== DIRECTIONS ==
Among the records that follow, find the line with "by (simp add: inner_add_left" and the line with "fix v assume". Set down those lines and all lines between them exactly, without adding anything.
——————
(* Let $\mathbf{x}_i\in\chi$ be a constellation point whose Voronoi region $\mathcal{D}_{i,\mathrm{ML}}$ is unbounded. Let $\mathbf{x}_p,\mathbf{x}_q\in\chi$ be the two points of $\chi$ that are adjacent to $\mathbf{x}_i$ along the boundary of $\mathrm{conv}\,\chi$, i.e., the points of $\chi\cap\partial(\mathrm{conv}\,\chi)$ immediately preceding and following $\mathbf{x}_i$ when this boundary is traversed cyclically. Then $\mathcal{D}_{i,\mathrm{DP}}$ is a polyhedral angle with vertex $\mathbf{x}_i$: there is a closed pointed convex cone $K\neq\{\mathbf{0}\}$ in $\mathbb{R}^2$ with $\mathcal{D}_{i,\mathrm{DP}}=\mathbf{x}_i+K$, and $K$ is bounded by two rays (which coincide when $\mathbf{x}_i$ is not a vertex of $\mathrm{conv}\,\chi$), one orthogonal to $\mathbf{x}_i-\mathbf{x}_p$ and the other orthogonal to $\mathbf{x}_i-\mathbf{x}_q$.
   Context: A constellation is a finite set $\chi=\{\mathbf{x}_1,\dots,\mathbf{x}_M\}\subset\mathbb{R}^2$ of distinct points, $M\ge 3$, not all lying on one line. The Voronoi region of $\mathbf{x}_i$ is $\mathcal{D}_{i,\mathrm{ML}}=\{\mathbf{x}\in\mathbb{R}^2:\|\mathbf{x}-\mathbf{x}_i\|\le\|\mathbf{x}-\mathbf{x}_j\|\ \forall j\}$. Two distinct points $\mathbf{x}_i,\mathbf{x}_j$ are neighbors if their Voronoi regions share an edge (a common boundary segment or ray of positive length); $\mathcal{S}_i$ denotes the set of neighbors of $\mathbf{x}_i$. With $\mathbf{a}_{i,j}=\mathbf{x}_i-\mathbf{x}_j$, $b_{i,j}=\mathbf{a}_{i,j}^T(\mathbf{x}_i+\mathbf{x}_j)/2$ and $c_{i,j}=\|\mathbf{x}_i-\mathbf{x}_j\|^2/2$, one has $\mathcal{D}_{i,\mathrm{ML}}=\{\mathbf{x}:\mathbf{a}_{i,j}^T\mathbf{x}\ge b_{i,j}\ \forall \mathbf{x}_j\in\mathcal{S}_i\}$, and the distance preserving constructive interference region (DPCIR) of $\mathbf{x}_i$ is $\mathcal{D}_{i,\mathrm{DP}}=\{\mathbf{x}\in\mathbb{R}^2:\mathbf{a}_{i,j}^T\mathbf{x}\ge b_{i,j}+c_{i,j}\ \forall \mathbf{x}_j\in\mathcal{S}_i\}=\{\mathbf{x}:(\mathbf{x}_i-\mathbf{x}_j)^T(\mathbf{x}-\mathbf{x}_i)\ge 0\ \forall\mathbf{x}_j\in\mathcal{S}_i\}$. $\mathrm{conv}\,\chi$ is the convex hull of $\chi$. *)

theory Defs
  imports "HOL-Analysis.Analysis"
begin

type_synonym pt = "real^2"

definition constellation :: "pt set \<Rightarrow> bool" where
  "constellation C \<longleftrightarrow> finite C \<and> card C \<ge> 3 \<and> \<not> collinear C"

definition voronoi :: "pt set \<Rightarrow> pt \<Rightarrow> pt set" where
  "voronoi C xi = {x. \<forall>xj\<in>C. dist x xi \<le> dist x xj}"

text \<open>Neighbors: distinct points whose Voronoi regions share a boundary piece
  (segment or ray) of positive length, i.e. contain a common nondegenerate segment.\<close>
definition neighbors :: "pt set \<Rightarrow> pt \<Rightarrow> pt set" where
  "neighbors C xi = {xj \<in> C. xj \<noteq> xi \<and>
     (\<exists>u v. u \<noteq> v \<and> closed_segment u v \<subseteq> voronoi C xi \<inter> voronoi C xj)}"

definition dpcir :: "pt set \<Rightarrow> pt \<Rightarrow> pt set" where
  "dpcir C xi = {x. \<forall>xj\<in>neighbors C xi. (xi - xj) \<bullet> (x - xi) \<ge> 0}"

text \<open>y is a point of C adjacent to xi along the boundary of conv C: the segment
  from xi to y lies in the boundary of the hull and contains no other point of C.\<close>
definition hull_adjacent :: "pt set \<Rightarrow> pt \<Rightarrow> pt \<Rightarrow> bool" where
  "hull_adjacent C xi y \<longleftrightarrow> y \<in> C \<and> y \<noteq> xi \<and>
     closed_segment xi y \<subseteq> frontier (convex hull C) \<and> open_segment xi y \<inter> C = {}"

end

theory Submission
  imports Defs
begin

text \<open>
  The DPCIR of x_i is x_i + P, where P is the polar cone of the directions y - x_i towards the
  Voronoi neighbours y of x_i. A point x_p adjacent to x_i along the hull boundary is a neighbour:
  far out along the outer normal of the hull edge [x_i, x_p], the points of its perpendicular
  bisector are closer to x_i and x_p than to any other constellation point. The supporting line of
  that edge keeps the whole constellation on one side.

  If x_i is a vertex of the hull, the supporting lines of its two hull edges confine every
  neighbour direction to the cone spanned by x_p - x_i and x_q - x_i, so P is the wedge bounded by
  the two rays orthogonal to these vectors. If x_i lies inside a hull edge, x_p - x_i and
  x_q - x_i are opposite; as the constellation is not collinear, some neighbour lies strictly on
  the inner side of the edge, and P is the single ray along the outer normal of the edge.
\<close>

section \<open>Planar vectors and polar cones\<close>

definition cross2 :: "real^2 \<Rightarrow> real^2 \<Rightarrow> real" where
  "cross2 a b = a$1 * b$2 - a$2 * b$1"

definition rot90 :: "real^2 \<Rightarrow> real^2" where
  "rot90 a = vector [- (a$2), a$1]"

lemma inner_real2: "(x :: real^2) \<bullet> y = x$1 * y$1 + x$2 * y$2"
  by (simp add: inner_vec_def sum_2)

lemma vec_eq_real2_iff: "(x :: real^2) = y \<longleftrightarrow> x$1 = y$1 \<and> x$2 = y$2"
  by (simp add: vec_eq_iff forall_2)

lemma cross2_antisym: "cross2 a b = - cross2 b a"
  by (simp add: cross2_def)

lemma cross2_self [simp]: "cross2 a a = 0"
  by (simp add: cross2_def)

lemma inner_rot90_left: "rot90 a \<bullet> x = cross2 a x"
  by (simp add: inner_real2 rot90_def cross2_def)

lemma inner_rot90_right: "x \<bullet> rot90 a = cross2 a x"
  by (subst inner_commute) (rule inner_rot90_left)

lemma rot90_eq_0_iff [simp]: "rot90 a = 0 \<longleftrightarrow> a = 0"
  by (auto simp: vec_eq_real2_iff rot90_def)

lemma cross2_eq_0_if_common_normal:
  assumes "n \<noteq> 0" "n \<bullet> u = 0" "n \<bullet> v = 0"
  shows "cross2 u v = 0"
proof -
  have "n$1 * cross2 u v = 0" "n$2 * cross2 u v = 0"
    using assms(2,3) unfolding inner_real2 cross2_def by algebra+
  then show ?thesis
    using assms(1) by (auto simp: vec_eq_real2_iff)
qed

lemma cross2_eq_0_imp_parallel:
  assumes "cross2 u v = 0" "u \<noteq> 0"
  shows "v = ((u \<bullet> v) / (u \<bullet> u)) *\<^sub>R u"
proof -
  have "u \<bullet> u \<noteq> 0"
    using assms(2) by simp
  moreover have "(u \<bullet> v) * u$1 = v$1 * (u \<bullet> u)" "(u \<bullet> v) * u$2 = v$2 * (u \<bullet> u)"
    using assms(1) unfolding inner_real2 cross2_def by algebra+
  ultimately show ?thesis
    by (simp add: vec_eq_real2_iff field_simps)
qed

lemma common_normal_imp_parallel:
  fixes n u v :: "real^2"
  assumes "n \<noteq> 0" "n \<bullet> u = 0" "n \<bullet> v = 0" "u \<noteq> 0"
  obtains s where "v = s *\<^sub>R u"
  using cross2_eq_0_imp_parallel[OF cross2_eq_0_if_common_normal[OF assms(1-3)] assms(4)] by blast

lemma orthogonal_eq_scaled_rot90:
  assumes "p \<noteq> 0" "n \<bullet> p = 0"
  obtains k where "n = k *\<^sub>R rot90 p"
  using common_normal_imp_parallel[of p "rot90 p" n] assms
  by (auto simp: inner_rot90_right inner_commute[of p n])

lemma cross2_decomposition:
  assumes "cross2 p q \<noteq> 0"
  shows "d = (cross2 d q / cross2 p q) *\<^sub>R p + (cross2 p d / cross2 p q) *\<^sub>R q"
proof -
  have "cross2 d q * p$1 + cross2 p d * q$1 = d$1 * cross2 p q"
       "cross2 d q * p$2 + cross2 p d * q$2 = d$2 * cross2 p q"
    by (simp_all add: cross2_def algebra_simps)
  with assms show ?thesis
    by (simp add: vec_eq_real2_iff field_simps)
qed

lemma divide_nonneg_if_common_factor:
  fixes a b k :: real
  assumes "0 \<le> k * a" "0 < k * b"
  shows "0 \<le> a / b"
proof -
  have "0 \<le> (k * a) / (k * b)"
    by (rule divide_nonneg_pos[OF assms])
  also have "(k * a) / (k * b) = a / b"
    using assms(2) by auto
  finally show ?thesis .
qed

lemma nonneg_combination_if_supporting_normals:
  fixes p q d n1 n2 :: "real^2"
  assumes "cross2 p q \<noteq> 0"
    and "n1 \<noteq> 0" "n1 \<bullet> p = 0" "n1 \<bullet> q \<ge> 0" "n1 \<bullet> d \<ge> 0"
    and "n2 \<noteq> 0" "n2 \<bullet> q = 0" "n2 \<bullet> p \<ge> 0" "n2 \<bullet> d \<ge> 0"
  shows "\<exists>\<alpha> \<beta>. \<alpha> \<ge> 0 \<and> \<beta> \<ge> 0 \<and> d = \<alpha> *\<^sub>R p + \<beta> *\<^sub>R q"
proof -
  define c where "c = cross2 p q"
  have "p \<noteq> 0" "q \<noteq> 0"
    using assms(1) by (auto simp: cross2_def)
  \<comment> \<open>By Cramer's rule the coefficients of d are cross2 p d / c and cross2 d q / c; their signs
    are those of n1 \<bullet> d and n2 \<bullet> d relative to n1 \<bullet> q and n2 \<bullet> p.\<close>
  obtain k1 where n1: "n1 = k1 *\<^sub>R rot90 p"
    using orthogonal_eq_scaled_rot90[OF \<open>p \<noteq> 0\<close> assms(3)] .
  obtain k2 where n2: "n2 = k2 *\<^sub>R rot90 q"
    using orthogonal_eq_scaled_rot90[OF \<open>q \<noteq> 0\<close> assms(7)] .
  have "k1 \<noteq> 0" "k2 \<noteq> 0"
    using assms(2,6) n1 n2 by auto
  have "0 < k1 * c"
    using assms(1,4) \<open>k1 \<noteq> 0\<close> by (simp add: n1 c_def inner_rot90_left less_le)
  moreover have "0 \<le> k1 * cross2 p d"
    using assms(5) by (simp add: n1 inner_rot90_left)
  ultimately have "0 \<le> cross2 p d / c"
    by (rule divide_nonneg_if_common_factor[rotated])
  have "0 < (- k2) * c"
    using assms(1,8) \<open>k2 \<noteq> 0\<close> by (simp add: n2 c_def inner_rot90_left cross2_antisym[of q p] less_le)
  moreover have "0 \<le> (- k2) * cross2 d q"
    using assms(9) by (simp add: n2 inner_rot90_left cross2_antisym[of q d])
  ultimately have "0 \<le> cross2 d q / c"
    by (rule divide_nonneg_if_common_factor[rotated])
  with \<open>0 \<le> cross2 p d / c\<close> show ?thesis
    using cross2_decomposition[OF assms(1), of d] unfolding c_def by blast
qed

lemma polar_of_two_generators:
  fixes D :: "'a::real_inner set"
  assumes "p \<in> D" "q \<in> D" "\<And>d. d \<in> D \<Longrightarrow> \<exists>\<alpha> \<beta>. \<alpha> \<ge> 0 \<and> \<beta> \<ge> 0 \<and> d = \<alpha> *\<^sub>R p + \<beta> *\<^sub>R q"
  shows "{v. \<forall>d\<in>D. d \<bullet> v \<le> 0} = {v. p \<bullet> v \<le> 0 \<and> q \<bullet> v \<le> 0}"
proof (intro set_eqI iffI; clarsimp)
  fix v d assume "p \<bullet> v \<le> 0" "q \<bullet> v \<le> 0" "d \<in> D"
  then obtain \<alpha> \<beta> where "\<alpha> \<ge> 0" "\<beta> \<ge> 0" "d = \<alpha> *\<^sub>R p + \<beta> *\<^sub>R q"
    using assms(3) by blast
  with \<open>p \<bullet> v \<le> 0\<close> \<open>q \<bullet> v \<le> 0\<close> show "d \<bullet> v \<le> 0"
    by (simp add: inner_add_left add_nonpos_nonpos mult_nonneg_nonpos)
qed (use assms(1,2) in auto)

lemma polar_of_opposite_generators:
  fixes D :: "(real^2) set"
  assumes "p \<in> D" "\<mu> *\<^sub>R p \<in> D" "\<mu> < 0" "p \<noteq> 0"
    and "n \<bullet> p = 0" "\<And>d. d \<in> D \<Longrightarrow> n \<bullet> d \<ge> 0" "e \<in> D" "n \<bullet> e > 0"
  shows "{v. \<forall>d\<in>D. d \<bullet> v \<le> 0} = {v. p \<bullet> v = 0 \<and> n \<bullet> v \<le> 0}"
proof -
  have "n \<noteq> 0"
    using assms(8) by auto
  have parallel: "\<exists>s. v = s *\<^sub>R n" if "p \<bullet> v = 0" for v
    using common_normal_imp_parallel[of p n v] assms(4,5) \<open>n \<noteq> 0\<close> that
    by (metis inner_commute)
  show ?thesis
  proof (intro set_eqI iffI; clarsimp)
    fix v assume v: "\<forall>d\<in>D. d \<bullet> v \<le> 0"
    then have "p \<bullet> v \<le> 0" "\<mu> * (p \<bullet> v) \<le> 0"
      using assms(1,2) by force+
    then have "p \<bullet> v = 0"
      using assms(3) by (simp add: mult_le_0_iff)
    moreover obtain s where "v = s *\<^sub>R n"
      using parallel calculation by blast
    moreover have "s * (e \<bullet> n) \<le> 0"
      using v assms(7) \<open>v = s *\<^sub>R n\<close> by force
    then have "s \<le> 0"
      using assms(8) by (simp add: mult_le_0_iff inner_commute)
    ultimately show "p \<bullet> v = 0 \<and> n \<bullet> v \<le> 0"
      by (simp add: mult_nonpos_nonneg)
  next
    fix v d assume "p \<bullet> v = 0" "n \<bullet> v \<le> 0" "d \<in> D"
    then obtain s where "v = s *\<^sub>R n"
      using parallel by blast
    with \<open>n \<bullet> v \<le> 0\<close> have "s * (n \<bullet> n) \<le> 0"
      by simp
    with \<open>n \<noteq> 0\<close> have "s \<le> 0"
      by (meson inner_gt_zero_iff mult_pos_pos not_le)
    with \<open>v = s *\<^sub>R n\<close> assms(6)[OF \<open>d \<in> D\<close>] show "d \<bullet> v \<le> 0"
      by (simp add: mult_nonpos_nonneg inner_commute)
  qed
qed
——————
== RESPONSE TO THIS TASK ==
    by (simp add: inner_add_left add_nonpos_nonpos mult_nonneg_nonpos)
qed (use assms(1,2) in auto)

lemma polar_of_opposite_generators:
  fixes D :: "(real^2) set"
  assumes "p \<in> D" "\<mu> *\<^sub>R p \<in> D" "\<mu> < 0" "p \<noteq> 0"
    and "n \<bullet> p = 0" "\<And>d. d \<in> D \<Longrightarrow> n \<bullet> d \<ge> 0" "e \<in> D" "n \<bullet> e > 0"
  shows "{v. \<forall>d\<in>D. d \<bullet> v \<le> 0} = {v. p \<bullet> v = 0 \<and> n \<bullet> v \<le> 0}"
proof -
  have "n \<noteq> 0"
    using assms(8) by auto
  have parallel: "\<exists>s. v = s *\<^sub>R n" if "p \<bullet> v = 0" for v
    using common_normal_imp_parallel[of p n v] assms(4,5) \<open>n \<noteq> 0\<close> that
    by (metis inner_commute)
  show ?thesis
  proof (intro set_eqI iffI; clarsimp)
    fix v assume v: "\<forall>d\<in>D. d \<bullet> v \<le> 0"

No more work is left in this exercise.